“Welcome to the land of sunshine!” says smiling California. “If your heart is young, then stay with me and play!”

There are plenty of reasons why they liken Santa Barbara to Nice, Cannes, or Monte Carlo. When we arrived in our rooms at the Hotel Potter we could hardly believe we were not on the Riviera, not merely because of the white enamel and shadow chintz furnishings of our rooms looking out upon the palm-bordered esplanade to the ocean just beyond, but because only in Continental watering places do friends send—or could they possibly find for you—bouquets of welcome like that. Against the gray wall above the writing-table a great sheaf bouquet of the big, pale-pink roses that you associate with France, combined with silver violet thistles, gladiolii in a chromatic scale of creams and corals, and in such profusion that they were standing in a tall vase on the floor. The third bouquet was of apricot-colored roses, heliotrope and white lilies.

As a matter of fact, the Riviera bears the same resemblance to Santa Barbara that artificial flowers bear to the real. The spirit of one is essentially artificial, insidiously demoralizing. The spirit of the other is the essence of naturalness, inevitably rejuvenating.

Instead of spending your every waking moment in electric-lighted restaurants and gambling rooms, you live in the sunshine, and in the open.
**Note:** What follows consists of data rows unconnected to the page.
lemma has_derivative_fbar:
  assumes "\<And>m j. m < M \<Longrightarrow> j < N \<Longrightarrow> (f m j has_derivative (\<lambda>h. g m j x \<bullet> h)) (at x)"
  shows "(fbar f M N has_derivative (\<lambda>h. gbar g M N x \<bullet> h)) (at x)"
proof -
  have "((\<lambda>x. (1 / real M) * (\<Sum>m<M. (1 / real N) * (\<Sum>j<N. f m j x)))
        has_derivative (\<lambda>h. (1 / real M) * (\<Sum>m<M. (1 / real N) * (\<Sum>j<N. g m j x \<bullet> h)))) (at x)"
    by (intro has_derivative_mult_right has_derivative_sum) (simp add: assms)
  moreover have "(\<lambda>h. (1 / real M) * (\<Sum>m<M. (1 / real N) * (\<Sum>j<N. g m j x \<bullet> h))) = (\<lambda>h. gbar g M N x \<bullet> h)"
    by (simp add: gbar_def inner_sum_left sum_distrib_left)
  ultimately show ?thesis unfolding fbar_def[abs_def] by simp
qed

lemma gbar_lipschitz:
  assumes "M > 0" "N > 0"
    and "\<And>m j. m < M \<Longrightarrow> j < N \<Longrightarrow> norm (g m j x - g m j y) \<le> L * norm (x - y)"
  shows "norm (gbar g M N x - gbar g M N y) \<le> L * norm (x - y)"
proof -
  have "norm (gbar g M N x - gbar g M N y)
      = (1 / real M) * norm (\<Sum>m<M. (1 / real N) *\<^sub>R (\<Sum>j<N. g m j x - g m j y))"
    by (simp add: gbar_def flip: sum_subtractf scaleR_diff_right)
  also have "\<dots> \<le> (1 / real M) * (\<Sum>m<M. (1 / real N) * (\<Sum>j<N. norm (g m j x - g m j y)))"
    by (intro mult_left_mono order_trans[OF norm_sum] sum_mono)
       (auto intro!: divide_right_mono norm_sum)
  also have "\<dots> \<le> (1 / real M) * (\<Sum>m<M. (1 / real N) * (\<Sum>j<N. L * norm (x - y)))"
    by (intro mult_left_mono sum_mono) (auto simp: assms)
  also have "\<dots> = L * norm (x - y)"
    using assms by simp
  finally show ?thesis .
qed

definition cohort_average ::
    "nat \<Rightarrow> nat \<Rightarrow> nat \<Rightarrow> (nat \<Rightarrow> nat set) \<Rightarrow> (nat \<Rightarrow> nat \<Rightarrow> nat \<Rightarrow> 'a) \<Rightarrow> 'a::real_vector" where
  "cohort_average R C N S v =
     (1 / real R) *\<^sub>R (\<Sum>r<R. (1 / real C) *\<^sub>R (\<Sum>m\<in>S r. (1 / real N) *\<^sub>R (\<Sum>j<N. v r m j)))"

lemma cohort_average_diff:
  "cohort_average R C N S (\<lambda>r m j. v r m j - w r m j)
     = cohort_average R C N S v - cohort_average R C N S w"
  by (simp add: cohort_average_def sum_subtractf scaleR_diff_right)

lemma power2_norm_cohort_average_le:
  fixes v :: "nat \<Rightarrow> nat \<Rightarrow> nat \<Rightarrow> 'a::real_normed_vector"
  assumes "\<And>r. r < R \<Longrightarrow> finite (S r) \<and> card (S r) = C"
  shows "(norm (cohort_average R C N S v))\<^sup>2
    \<le> 1 / (real R * real C * real N) * (\<Sum>r<R. \<Sum>m\<in>S r. \<Sum>j<N. (norm (v r m j))\<^sup>2)"
proof -
  have "(norm (cohort_average R C N S v))\<^sup>2
      \<le> (1 / real R) * (\<Sum>r<R. (1 / real C) * (\<Sum>m\<in>S r. (1 / real N) * (\<Sum>j<N. (norm (v r m j))\<^sup>2)))"
    unfolding cohort_average_def
    by (intro order_trans[OF power2_norm_average_le] mult_left_mono sum_mono) (auto simp: assms)
  also have "\<dots> = 1 / (real R * real C * real N) * (\<Sum>r<R. \<Sum>m\<in>S r. \<Sum>j<N. (norm (v r m j))\<^sup>2)"
    by (simp add: sum_distrib_left ac_simps)
  finally show ?thesis .
qed
lemma Lprime_orthogonal:
  assumes k: "k \<le> N - 1" and l: "l \<le> N - 1" and "k \<noteq> l" and z: "z \<in> Fsp (Lp k)" and y: "y \<in> Lp l"
  shows "B z y = 0"
proof (cases "k = N - 2")
  case True
  then have yl: "y \<in> Ls l" using y Lp_other \<open>k \<noteq> l\<close> by simp
  obtain za zb where "z = za + zb" "za \<in> Fsp (Ls (N - 2))" "zb \<in> Fsp (Ls N)"
    using Fspan_Lp_N2 z True by blast
  moreover have "l \<le> N" "l \<noteq> N" "N - 2 \<noteq> l" using l two_le_N True \<open>k \<noteq> l\<close> by auto
  ultimately show ?thesis
    using Fspan_parts_orthogonal[of "N - 2" l za y] Fspan_parts_orthogonal[of N l zb y] yl N2_le
    by (simp add: B_add_left)
next
  case False
  then have zk: "z \<in> Fsp (Ls k)" using z Lp_other by simp
  show ?thesis
  proof (cases "l = N - 2")
    case True
    then obtain a b where "y = a + b" "a \<in> Ls (N - 2)" "b \<in> Lshift" using y Lp_N2 by auto
    then show ?thesis
      using Fspan_parts_orthogonal[OF _ N2_le _ zk] B_Lshift_right[OF _ _ zk] False k two_le_N
      by (simp add: B_add_right)
  next
    case False
    moreover have "k \<le> N" "l \<le> N" using k l by auto
    ultimately show ?thesis using Fspan_parts_orthogonal[of k l z y] zk y \<open>k \<noteq> l\<close> Lp_other by simp
  qed
qed

lemma Lprime_scaled:
  assumes "k \<le> N - 1" and x: "x \<in> Lp k" and y: "y \<in> Lp k"
  shows "\<exists>e\<in>OE. B x y = \<pi>E ^ k * e"
proof (cases "k = N - 2")
  case True
  obtain a b where ab: "x = a + b" "a \<in> Ls (N - 2)" "b \<in> Lshift" using x True Lp_N2 by auto
  obtain a' b' where ab': "y = a' + b'" "a' \<in> Ls (N - 2)" "b' \<in> Lshift" using y True Lp_N2 by auto
  have "B a b' = 0" using B_Lshift_right[OF N2_le N2_ne _ ab'(3)] ab(2) subset_Fspan by blast
  moreover have "B b a' = 0"
    using Fspan_parts_orthogonal[OF order_refl N2_le _ Lshift_Fspan[OF ab(3)] ab'(2)] N2_ne by simp
  moreover obtain e1 where "e1 \<in> OE" "B a a' = \<pi>E ^ (N - 2) * e1"
    using part_scaled[OF N2_le ab(2) ab'(2)] by blast
  moreover obtain e2 where "e2 \<in> OE" "B b b' = \<pi>E ^ (N - 2) * e2"
    using B_Lshift_scaled[OF ab(3) ab'(3)] by blast
  ultimately have "B x y = \<pi>E ^ k * (e1 + e2)" "e1 + e2 \<in> OE"
    unfolding ab(1) ab'(1) True by (simp_all add: B_add_left B_add_right distrib_left OE_add)
  then show ?thesis by blast
next
  case False
  then show ?thesis using assms part_scaled[of k x y] Lp_other by simp
qed

text \<open>The twist \<open>\<pi>E O_E = O_E \<sigma>(\<pi>E)\<close> is needed here because \<open>\<pi>E'\<close> enters the
  second argument of the form as \<open>\<sigma>(\<pi>E')\<close>.\<close>

lemma Lshift_dual:
  assumes zb: "zb \<in> Fsp (Ls N)" and dual: "\<forall>y\<in>Lshift. B zb y \<in> OE"
  shows "sm (\<pi>E ^ (N - 2)) zb \<in> Lshift"
proof -
  have "B (sm \<pi>E' zb) bt \<in> OE" if bt: "bt \<in> Ls N" for bt
  proof -
    have "sm \<pi>E' bt \<in> Lshift" using bt by (simp flip: smult_mult add: \<pi>E_right_inverse smult_one)
    then have "B zb (sm \<pi>E' bt) \<in> OE" using dual by blast
    then have "B zb bt * \<sigma> \<pi>E' \<in> OE" by (simp add: B_smult_right)
    then obtain s where s: "s \<in> OE" "B zb bt * \<sigma> \<pi>E' * \<sigma> \<pi>E = \<pi>E * s" using twist_right by blast
    then have "B zb bt = \<pi>E * s" using invol_unit[OF \<pi>E_right_inverse] by (simp add: mult.assoc)
    then show ?thesis using s(1) \<pi>E_left_inverse by (simp add: B_smult_left mult.assoc[symmetric])
  qed
  then have "sm (\<pi>E ^ N) (sm \<pi>E' zb) \<in> Ls N"
    using dual_part_iff[OF order_refl] smult_Fspan_part[OF order_refl zb] by blast
  moreover have "\<pi>E ^ N * \<pi>E' = \<pi>E * \<pi>E ^ (N - 2)"
    unfolding \<pi>E_power_N by (simp add: mult.assoc \<pi>E_right_inverse)
  ultimately show ?thesis by (simp flip: smult_mult)
qed

lemma Lprime_dual:
  assumes k: "k \<le> N - 1" and z: "z \<in> Fsp (Lp k)" and dual: "\<forall>y\<in>Lp k. B z y \<in> OE"
  shows "sm (\<pi>E ^ k) z \<in> Lp k"
proof (cases "k = N - 2")
  case True
  obtain za zb where zab: "z = za + zb" "za \<in> Fsp (Ls (N - 2))" "zb \<in> Fsp (Ls N)"
    using Fspan_Lp_N2 z True by blast
  have "B za y \<in> OE" if "y \<in> Ls (N - 2)" for y
  proof -
    have "y + 0 \<in> Lp k" using that zero_Lshift True Lp_N2 by blast
    then have "B (za + zb) y \<in> OE" using dual zab(1) by auto
    moreover have "B zb y = 0" using Fspan_parts_orthogonal[OF order_refl N2_le _ zab(3) that] N2_ne by simp
    ultimately show ?thesis by (simp add: B_add_left)
  qed
  then have "sm (\<pi>E ^ (N - 2)) za \<in> Ls (N - 2)" using dual_part_iff[OF N2_le] zab(2) by blast
  moreover have "B zb y \<in> OE" if "y \<in> Lshift" for y
  proof -
    have "0 + y \<in> Lp k" using that part_zero[OF N2_le] True Lp_N2 by blast
    then have "B (za + zb) y \<in> OE" using dual zab(1) by auto
    moreover have "B za y = 0" using B_Lshift_right[OF N2_le N2_ne zab(2) that] .
    ultimately show ?thesis by (simp add: B_add_left)
  qed
  then have "sm (\<pi>E ^ (N - 2)) zb \<in> Lshift" using Lshift_dual zab(3) by blast
  ultimately show ?thesis unfolding True Lp_N2 zab(1) smult_add by blast
next
  case False
  then show ?thesis using assms dual_part_iff[of k z] Lp_other by simp
qed

end

sublocale jordan_lattice_N2 \<subseteq> Lprime: graded_lattice vF \<pi>F \<iota> OE \<sigma> sm \<epsilon> B \<pi>E \<pi>E'
  "Lprime sm \<pi>E Ls N" "Lprime_parts sm \<pi>E Ls N" "N - 1"
  by unfold_locales
    (rule Lprime_part_subset Lprime_decomposition Lprime_full_rank Lprime_orthogonal
      Lprime_Fspan_part_smult Lprime_scaled Lprime_dual; assumption)+

theorem lemma3p8:
  fixes vF :: "'f::field \<Rightarrow> int" and \<pi>F :: 'f
    and \<iota> :: "'f \<Rightarrow> 'e::ring_1" and \<sigma> :: "'e \<Rightarrow> 'e" and \<epsilon> :: int
    and OE :: "'e set" and \<pi>E :: 'e
    and sm :: "'e \<Rightarrow> 'v::ab_group_add \<Rightarrow> 'v" and B :: "'v \<Rightarrow> 'v \<Rightarrow> 'e"
    and L :: "'v set" and Ls :: "nat \<Rightarrow> 'v set" and N :: nat
    and M :: "'v set" and Ms :: "nat \<Rightarrow> 'v set" and n :: nat
    and g :: "'v \<Rightarrow> 'v" and x :: 'v and i j :: nat
  assumes F: "nonarch_local_field vF \<pi>F"
    and alg: "F_algebra \<iota>"
    and eps: "\<epsilon> = 1 \<or> \<epsilon> = -1"
    and Esig: "herm_pair \<iota> \<sigma>"
    and OE: "maximal_order \<iota> vF OE"
    and unif: "if ramified \<iota> \<sigma> OE \<pi>F \<or> case_quaternion \<iota> \<sigma>
               then E_uniformiser OE \<pi>E else \<pi>E = \<iota> \<pi>F"
    and p2: "ramified \<iota> \<sigma> OE \<pi>F \<or> (case_F \<iota> \<sigma> \<and> \<epsilon> = 1) \<longrightarrow> res_char_not_2 vF"
    and V: "left_module sm"
    and form: "herm_form sm \<sigma> \<epsilon> B"
    and nd: "nondegenerate B"
    and L: "herm_lattice sm \<iota> \<pi>F OE B L"
    and J: "jordan_splitting sm \<iota> \<pi>F OE \<pi>E B L Ls N"
    and N2: "2 \<le> N"
    and Mchoice: "(M = L \<and> Ms = Ls \<and> n = N) \<or>
                  (M = Lprime sm \<pi>E Ls N \<and> Ms = Lprime_parts sm \<pi>E Ls N \<and> n = N - 1)"
    and ij: "i \<le> j" and jn: "j \<le> n"
    and g: "g \<in> stabiliser sm B M"
    and x: "x \<in> Ms j"
  shows "component sm \<iota> \<pi>F Ms n (g x) i \<in> pE_pow sm \<pi>E (int j - int i) (Ms i)"
proof -
  have order: "OF_order \<iota> vF OE" using OE unfolding maximal_order_def by blast
  obtain \<pi>E' where \<pi>E': "\<pi>E * \<pi>E' = 1" "\<pi>E' * \<pi>E = 1"
    using herm_pair_uniformiser(2)[OF F alg Esig order unif] by blast
  interpret jordan_lattice_N2 vF \<pi>F \<iota> OE \<sigma> sm \<epsilon> B \<pi>E \<pi>E' L Ls N
  proof unfold_locales
    show "Fspan sm \<iota> \<pi>F L = UNIV" using L unfolding herm_lattice_def by blast
  qed (use F alg order herm_pair_involution[OF alg Esig] V form nd \<pi>E' J N2
      herm_pair_uniformiser(1,3)[OF F alg Esig order unif] in auto)
  show ?thesis
    using Mchoice L.component_isometry[OF _ ij] Lprime.component_isometry[OF _ ij] g jn x by auto
qed

end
Every house, nearly, has its patio or open court, and no matter what your occupation may be, you seldom go indoors. Carrying the love of outdoors even to concerts and theatrical performances, the owner of a very beautiful garden has built a theater, of which the stage is a terrace of grass, and the scenery evenly planted trees. In spite of some of the pretentious villas, the keynote of the Pacific coast is still naturalness. Affectations have really no place.

One afternoon at a fruit ranch, we found ourselves next to a woman who for twenty minutes extolled the perfection of her long years of living in Italy. With her hands affectedly clasped and gazing at the feathery olive-trees, she exclaimed:

“Ah! that takes me so back to my beloved Sicily, and the mornings when I used to walk along the olive groves and eat ripe olives before breakfast.”

To offer strangers olives picked from the trees is a pet joke of Californians no less than the Italians. The uncured fruit is as bitterly uneatable as quinine.

“Oh, do you like fresh olives?” This gleefully from the host. “Let me pick you some!” In a few moments he returned with a fruit-laden branch. With bated breath, everyone watched as she plucked one and—gamely, ate it!